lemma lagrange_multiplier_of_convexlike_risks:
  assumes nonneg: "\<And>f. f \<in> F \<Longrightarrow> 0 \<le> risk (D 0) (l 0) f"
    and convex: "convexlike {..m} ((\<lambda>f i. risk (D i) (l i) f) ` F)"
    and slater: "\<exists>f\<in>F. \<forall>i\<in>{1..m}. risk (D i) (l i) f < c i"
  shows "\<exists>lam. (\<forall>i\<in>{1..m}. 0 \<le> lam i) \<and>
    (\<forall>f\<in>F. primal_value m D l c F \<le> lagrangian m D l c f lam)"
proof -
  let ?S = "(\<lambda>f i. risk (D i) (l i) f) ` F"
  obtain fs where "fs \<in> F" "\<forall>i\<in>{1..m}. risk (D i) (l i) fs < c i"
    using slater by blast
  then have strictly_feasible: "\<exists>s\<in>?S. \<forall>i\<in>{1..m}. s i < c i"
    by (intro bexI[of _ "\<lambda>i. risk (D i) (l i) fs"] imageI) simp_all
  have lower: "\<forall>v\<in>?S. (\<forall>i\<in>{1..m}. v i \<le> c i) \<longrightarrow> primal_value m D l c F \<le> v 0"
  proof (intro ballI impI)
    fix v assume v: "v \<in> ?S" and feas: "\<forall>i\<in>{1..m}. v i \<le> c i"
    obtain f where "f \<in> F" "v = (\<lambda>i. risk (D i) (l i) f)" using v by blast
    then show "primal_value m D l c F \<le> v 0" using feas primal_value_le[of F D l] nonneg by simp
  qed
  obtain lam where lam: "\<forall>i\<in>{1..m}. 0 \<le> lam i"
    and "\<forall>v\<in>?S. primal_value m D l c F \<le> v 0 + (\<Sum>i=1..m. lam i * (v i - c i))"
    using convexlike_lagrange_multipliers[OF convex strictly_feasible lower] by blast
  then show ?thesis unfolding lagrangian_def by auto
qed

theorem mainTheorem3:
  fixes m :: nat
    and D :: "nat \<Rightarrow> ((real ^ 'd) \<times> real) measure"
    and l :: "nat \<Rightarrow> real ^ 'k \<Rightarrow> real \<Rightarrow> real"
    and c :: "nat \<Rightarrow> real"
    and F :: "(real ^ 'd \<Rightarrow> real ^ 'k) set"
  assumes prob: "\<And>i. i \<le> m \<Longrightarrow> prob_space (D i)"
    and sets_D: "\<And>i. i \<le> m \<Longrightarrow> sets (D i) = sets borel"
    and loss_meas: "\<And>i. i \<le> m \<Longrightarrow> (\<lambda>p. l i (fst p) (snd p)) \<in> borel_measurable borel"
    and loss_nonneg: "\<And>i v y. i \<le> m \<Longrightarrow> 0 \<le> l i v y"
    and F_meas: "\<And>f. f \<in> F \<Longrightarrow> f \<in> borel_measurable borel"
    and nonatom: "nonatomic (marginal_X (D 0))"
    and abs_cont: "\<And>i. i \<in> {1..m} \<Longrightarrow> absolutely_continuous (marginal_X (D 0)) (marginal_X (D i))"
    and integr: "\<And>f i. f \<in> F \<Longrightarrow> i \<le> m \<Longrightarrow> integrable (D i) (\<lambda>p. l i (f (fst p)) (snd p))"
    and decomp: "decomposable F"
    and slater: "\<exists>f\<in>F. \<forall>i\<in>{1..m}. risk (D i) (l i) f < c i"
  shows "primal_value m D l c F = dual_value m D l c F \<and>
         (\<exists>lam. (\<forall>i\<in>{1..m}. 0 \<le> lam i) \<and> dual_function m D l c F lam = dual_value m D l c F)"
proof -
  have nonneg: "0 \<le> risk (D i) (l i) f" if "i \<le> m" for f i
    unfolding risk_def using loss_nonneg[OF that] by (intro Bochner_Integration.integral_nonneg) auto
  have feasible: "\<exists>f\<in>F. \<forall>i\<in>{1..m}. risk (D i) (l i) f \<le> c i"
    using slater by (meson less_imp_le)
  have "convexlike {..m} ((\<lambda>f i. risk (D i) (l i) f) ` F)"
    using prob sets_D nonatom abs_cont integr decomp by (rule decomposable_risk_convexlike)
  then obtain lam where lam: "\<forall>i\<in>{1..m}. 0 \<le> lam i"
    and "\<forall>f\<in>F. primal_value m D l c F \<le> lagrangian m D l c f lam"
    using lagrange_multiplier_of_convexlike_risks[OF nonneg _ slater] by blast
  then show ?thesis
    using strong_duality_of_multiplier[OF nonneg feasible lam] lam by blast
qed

---

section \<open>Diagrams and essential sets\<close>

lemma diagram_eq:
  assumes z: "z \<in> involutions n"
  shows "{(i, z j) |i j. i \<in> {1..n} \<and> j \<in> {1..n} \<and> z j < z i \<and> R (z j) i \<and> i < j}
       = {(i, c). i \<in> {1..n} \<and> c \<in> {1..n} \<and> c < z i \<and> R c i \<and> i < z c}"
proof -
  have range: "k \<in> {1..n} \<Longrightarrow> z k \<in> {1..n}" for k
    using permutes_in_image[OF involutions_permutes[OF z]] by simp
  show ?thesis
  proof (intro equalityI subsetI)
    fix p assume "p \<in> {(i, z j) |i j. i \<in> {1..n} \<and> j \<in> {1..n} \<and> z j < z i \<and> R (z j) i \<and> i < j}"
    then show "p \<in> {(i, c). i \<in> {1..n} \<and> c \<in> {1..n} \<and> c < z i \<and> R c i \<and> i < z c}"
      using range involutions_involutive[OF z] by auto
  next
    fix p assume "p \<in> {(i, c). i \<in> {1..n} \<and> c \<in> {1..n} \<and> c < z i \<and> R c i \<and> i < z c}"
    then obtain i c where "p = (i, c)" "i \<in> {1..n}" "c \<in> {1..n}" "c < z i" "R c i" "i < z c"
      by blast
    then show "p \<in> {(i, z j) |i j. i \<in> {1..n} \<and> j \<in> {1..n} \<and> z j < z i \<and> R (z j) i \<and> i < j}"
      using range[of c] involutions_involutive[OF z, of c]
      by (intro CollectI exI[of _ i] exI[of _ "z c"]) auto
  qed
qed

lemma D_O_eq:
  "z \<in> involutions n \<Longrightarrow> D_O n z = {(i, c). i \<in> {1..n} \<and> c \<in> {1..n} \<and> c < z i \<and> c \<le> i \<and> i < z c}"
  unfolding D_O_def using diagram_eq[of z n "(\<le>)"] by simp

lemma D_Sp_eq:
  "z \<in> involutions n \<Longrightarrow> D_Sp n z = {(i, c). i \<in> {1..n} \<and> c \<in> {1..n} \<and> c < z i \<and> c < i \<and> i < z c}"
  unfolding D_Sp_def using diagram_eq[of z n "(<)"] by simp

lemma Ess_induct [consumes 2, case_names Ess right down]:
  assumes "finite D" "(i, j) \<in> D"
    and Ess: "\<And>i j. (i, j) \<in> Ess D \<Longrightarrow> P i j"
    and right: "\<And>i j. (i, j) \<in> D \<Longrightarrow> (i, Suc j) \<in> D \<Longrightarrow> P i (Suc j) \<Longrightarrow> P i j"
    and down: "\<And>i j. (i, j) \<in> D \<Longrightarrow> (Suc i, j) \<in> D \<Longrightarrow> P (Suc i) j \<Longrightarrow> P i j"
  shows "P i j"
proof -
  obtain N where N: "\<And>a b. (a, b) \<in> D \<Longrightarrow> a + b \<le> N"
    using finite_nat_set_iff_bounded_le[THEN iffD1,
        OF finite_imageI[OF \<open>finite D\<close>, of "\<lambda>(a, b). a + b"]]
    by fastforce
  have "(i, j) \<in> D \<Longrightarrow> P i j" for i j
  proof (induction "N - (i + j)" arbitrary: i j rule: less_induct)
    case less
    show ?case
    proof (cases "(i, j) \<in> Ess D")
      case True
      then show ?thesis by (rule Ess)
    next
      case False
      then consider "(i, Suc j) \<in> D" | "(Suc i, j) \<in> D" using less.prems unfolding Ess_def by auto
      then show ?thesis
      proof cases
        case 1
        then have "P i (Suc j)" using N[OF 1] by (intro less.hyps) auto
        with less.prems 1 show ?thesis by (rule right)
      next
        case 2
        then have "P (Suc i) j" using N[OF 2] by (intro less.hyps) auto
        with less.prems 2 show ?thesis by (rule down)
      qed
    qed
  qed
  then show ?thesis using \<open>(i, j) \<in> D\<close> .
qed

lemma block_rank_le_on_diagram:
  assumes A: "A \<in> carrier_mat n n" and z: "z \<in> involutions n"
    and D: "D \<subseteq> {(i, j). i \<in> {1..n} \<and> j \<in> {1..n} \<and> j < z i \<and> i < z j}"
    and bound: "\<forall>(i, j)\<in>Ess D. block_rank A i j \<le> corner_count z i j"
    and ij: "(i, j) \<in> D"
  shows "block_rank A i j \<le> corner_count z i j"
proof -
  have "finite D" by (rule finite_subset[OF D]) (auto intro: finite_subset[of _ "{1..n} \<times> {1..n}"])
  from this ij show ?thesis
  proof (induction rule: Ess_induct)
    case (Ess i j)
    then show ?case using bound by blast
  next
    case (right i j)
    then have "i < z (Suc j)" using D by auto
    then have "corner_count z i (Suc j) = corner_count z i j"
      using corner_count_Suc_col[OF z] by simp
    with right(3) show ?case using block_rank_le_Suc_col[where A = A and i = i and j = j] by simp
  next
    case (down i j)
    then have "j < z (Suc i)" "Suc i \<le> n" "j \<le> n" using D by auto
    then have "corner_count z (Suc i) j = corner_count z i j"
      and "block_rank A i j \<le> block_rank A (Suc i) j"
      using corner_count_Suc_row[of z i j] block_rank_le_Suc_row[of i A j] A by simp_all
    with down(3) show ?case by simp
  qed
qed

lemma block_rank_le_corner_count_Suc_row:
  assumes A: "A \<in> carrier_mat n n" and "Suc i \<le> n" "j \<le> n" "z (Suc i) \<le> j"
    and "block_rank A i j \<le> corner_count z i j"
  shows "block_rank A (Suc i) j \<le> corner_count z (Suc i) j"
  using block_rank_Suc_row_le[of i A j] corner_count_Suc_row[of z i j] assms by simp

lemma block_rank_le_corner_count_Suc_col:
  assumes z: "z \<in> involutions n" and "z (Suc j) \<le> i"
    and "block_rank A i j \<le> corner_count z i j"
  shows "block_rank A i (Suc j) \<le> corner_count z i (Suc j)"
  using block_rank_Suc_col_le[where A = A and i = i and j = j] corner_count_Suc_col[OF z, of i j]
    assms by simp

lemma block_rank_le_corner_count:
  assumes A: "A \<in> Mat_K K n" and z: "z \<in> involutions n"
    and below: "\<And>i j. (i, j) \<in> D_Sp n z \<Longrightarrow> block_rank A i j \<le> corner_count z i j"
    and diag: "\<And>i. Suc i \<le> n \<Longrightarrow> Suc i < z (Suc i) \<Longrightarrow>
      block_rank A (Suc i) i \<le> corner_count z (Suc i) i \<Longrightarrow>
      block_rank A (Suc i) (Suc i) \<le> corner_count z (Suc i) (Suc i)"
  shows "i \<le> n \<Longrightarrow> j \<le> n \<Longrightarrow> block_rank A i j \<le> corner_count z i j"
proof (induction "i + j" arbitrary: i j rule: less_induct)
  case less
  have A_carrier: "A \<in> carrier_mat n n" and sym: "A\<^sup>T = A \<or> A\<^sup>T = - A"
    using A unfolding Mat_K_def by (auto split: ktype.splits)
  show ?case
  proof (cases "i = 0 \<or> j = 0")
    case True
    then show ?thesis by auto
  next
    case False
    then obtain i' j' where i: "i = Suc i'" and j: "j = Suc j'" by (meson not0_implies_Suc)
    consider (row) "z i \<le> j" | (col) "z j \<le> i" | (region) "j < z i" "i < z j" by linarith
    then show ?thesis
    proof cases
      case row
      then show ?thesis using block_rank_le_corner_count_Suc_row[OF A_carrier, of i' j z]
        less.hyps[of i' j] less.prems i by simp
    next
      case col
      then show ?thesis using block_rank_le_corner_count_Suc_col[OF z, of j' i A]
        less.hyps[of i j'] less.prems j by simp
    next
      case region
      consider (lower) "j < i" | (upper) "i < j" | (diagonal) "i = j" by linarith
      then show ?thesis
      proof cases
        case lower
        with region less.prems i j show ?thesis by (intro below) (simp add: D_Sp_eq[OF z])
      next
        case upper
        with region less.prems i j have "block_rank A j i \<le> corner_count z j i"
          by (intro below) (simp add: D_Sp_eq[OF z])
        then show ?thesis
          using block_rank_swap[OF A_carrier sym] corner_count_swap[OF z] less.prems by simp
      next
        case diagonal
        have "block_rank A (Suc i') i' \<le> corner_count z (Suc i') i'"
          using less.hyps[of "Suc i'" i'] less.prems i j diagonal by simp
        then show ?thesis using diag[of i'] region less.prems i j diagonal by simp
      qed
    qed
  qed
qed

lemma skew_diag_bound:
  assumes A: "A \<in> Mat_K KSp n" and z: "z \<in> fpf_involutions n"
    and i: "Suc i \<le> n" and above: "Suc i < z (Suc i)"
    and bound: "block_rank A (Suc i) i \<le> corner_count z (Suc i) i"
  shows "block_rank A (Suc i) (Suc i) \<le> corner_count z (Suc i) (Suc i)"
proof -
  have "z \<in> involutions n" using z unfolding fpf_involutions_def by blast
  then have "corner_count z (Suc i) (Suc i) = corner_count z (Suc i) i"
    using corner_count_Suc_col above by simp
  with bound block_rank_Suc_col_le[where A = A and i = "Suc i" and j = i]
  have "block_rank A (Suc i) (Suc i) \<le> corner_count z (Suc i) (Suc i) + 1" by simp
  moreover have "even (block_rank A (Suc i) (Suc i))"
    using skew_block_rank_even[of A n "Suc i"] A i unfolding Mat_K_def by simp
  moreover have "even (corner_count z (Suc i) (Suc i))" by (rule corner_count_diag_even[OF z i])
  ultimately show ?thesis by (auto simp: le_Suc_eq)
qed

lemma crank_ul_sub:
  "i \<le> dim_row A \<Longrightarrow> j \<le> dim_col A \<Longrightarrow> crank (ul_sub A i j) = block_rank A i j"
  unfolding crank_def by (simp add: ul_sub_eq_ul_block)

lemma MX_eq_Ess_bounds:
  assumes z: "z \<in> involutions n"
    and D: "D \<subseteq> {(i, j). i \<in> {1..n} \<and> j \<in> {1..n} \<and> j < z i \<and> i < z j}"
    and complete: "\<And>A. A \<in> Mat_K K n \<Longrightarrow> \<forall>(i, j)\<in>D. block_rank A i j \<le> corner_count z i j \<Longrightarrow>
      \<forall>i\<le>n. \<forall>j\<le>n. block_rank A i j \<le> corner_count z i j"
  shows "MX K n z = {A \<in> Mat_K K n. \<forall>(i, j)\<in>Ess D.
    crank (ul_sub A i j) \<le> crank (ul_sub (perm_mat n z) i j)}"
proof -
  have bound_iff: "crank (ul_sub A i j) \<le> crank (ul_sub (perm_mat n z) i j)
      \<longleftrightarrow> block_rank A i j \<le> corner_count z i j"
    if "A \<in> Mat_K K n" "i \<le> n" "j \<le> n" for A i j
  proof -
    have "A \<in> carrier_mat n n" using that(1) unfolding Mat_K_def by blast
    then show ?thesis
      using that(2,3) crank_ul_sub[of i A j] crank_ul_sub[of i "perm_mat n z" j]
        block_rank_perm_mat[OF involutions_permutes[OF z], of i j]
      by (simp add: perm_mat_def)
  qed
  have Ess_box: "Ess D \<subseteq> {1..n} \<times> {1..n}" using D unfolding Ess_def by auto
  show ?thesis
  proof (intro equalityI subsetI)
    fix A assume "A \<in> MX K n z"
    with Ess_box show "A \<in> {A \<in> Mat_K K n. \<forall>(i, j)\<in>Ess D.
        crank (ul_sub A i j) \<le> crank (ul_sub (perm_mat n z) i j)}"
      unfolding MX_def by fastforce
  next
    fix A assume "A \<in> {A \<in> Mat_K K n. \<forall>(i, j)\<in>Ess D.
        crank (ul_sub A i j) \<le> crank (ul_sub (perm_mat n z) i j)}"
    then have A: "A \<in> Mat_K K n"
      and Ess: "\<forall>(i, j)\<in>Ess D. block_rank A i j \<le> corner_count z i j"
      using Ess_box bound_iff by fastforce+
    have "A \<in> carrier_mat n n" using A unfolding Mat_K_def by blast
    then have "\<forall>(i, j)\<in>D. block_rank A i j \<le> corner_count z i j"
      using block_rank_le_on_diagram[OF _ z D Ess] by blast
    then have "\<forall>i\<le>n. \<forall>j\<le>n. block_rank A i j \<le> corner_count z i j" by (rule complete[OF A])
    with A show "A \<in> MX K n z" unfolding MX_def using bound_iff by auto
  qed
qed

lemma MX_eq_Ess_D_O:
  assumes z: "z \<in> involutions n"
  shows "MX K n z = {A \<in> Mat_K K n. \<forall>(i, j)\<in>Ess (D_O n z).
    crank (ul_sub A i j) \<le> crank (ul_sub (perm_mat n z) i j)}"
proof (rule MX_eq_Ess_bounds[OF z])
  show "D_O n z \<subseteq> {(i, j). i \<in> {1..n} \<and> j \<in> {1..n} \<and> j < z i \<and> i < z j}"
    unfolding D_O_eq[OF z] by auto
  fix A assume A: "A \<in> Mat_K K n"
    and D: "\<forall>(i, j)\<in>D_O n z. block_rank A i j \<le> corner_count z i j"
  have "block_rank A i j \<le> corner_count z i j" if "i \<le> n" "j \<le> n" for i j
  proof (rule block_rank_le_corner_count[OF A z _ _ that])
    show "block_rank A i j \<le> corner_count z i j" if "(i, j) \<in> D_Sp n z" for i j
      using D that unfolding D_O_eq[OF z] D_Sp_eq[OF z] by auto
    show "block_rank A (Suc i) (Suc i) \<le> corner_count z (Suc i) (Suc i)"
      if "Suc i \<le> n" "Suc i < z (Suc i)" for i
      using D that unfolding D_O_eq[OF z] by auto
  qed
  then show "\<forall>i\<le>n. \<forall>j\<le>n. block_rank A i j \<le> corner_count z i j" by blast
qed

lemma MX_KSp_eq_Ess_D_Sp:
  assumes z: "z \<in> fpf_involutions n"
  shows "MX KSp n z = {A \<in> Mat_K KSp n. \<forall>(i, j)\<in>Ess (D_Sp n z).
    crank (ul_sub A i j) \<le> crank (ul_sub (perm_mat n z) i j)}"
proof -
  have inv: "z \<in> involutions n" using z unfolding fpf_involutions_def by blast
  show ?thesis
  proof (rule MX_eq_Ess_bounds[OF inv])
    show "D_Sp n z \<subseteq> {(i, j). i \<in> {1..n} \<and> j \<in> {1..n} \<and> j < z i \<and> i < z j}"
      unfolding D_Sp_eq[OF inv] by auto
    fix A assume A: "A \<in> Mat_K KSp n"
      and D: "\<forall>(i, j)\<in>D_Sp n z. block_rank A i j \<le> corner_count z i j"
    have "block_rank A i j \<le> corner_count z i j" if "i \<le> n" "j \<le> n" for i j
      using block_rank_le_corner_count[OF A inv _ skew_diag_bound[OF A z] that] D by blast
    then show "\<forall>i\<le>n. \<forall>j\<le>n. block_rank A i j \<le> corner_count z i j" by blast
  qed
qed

## Assigned task:
What is needed is every line of the records above that contains the word "fastforce".

## Response to the exercise:
    by fastforce
      unfolding MX_def by fastforce
      using Ess_box bound_iff by fastforce+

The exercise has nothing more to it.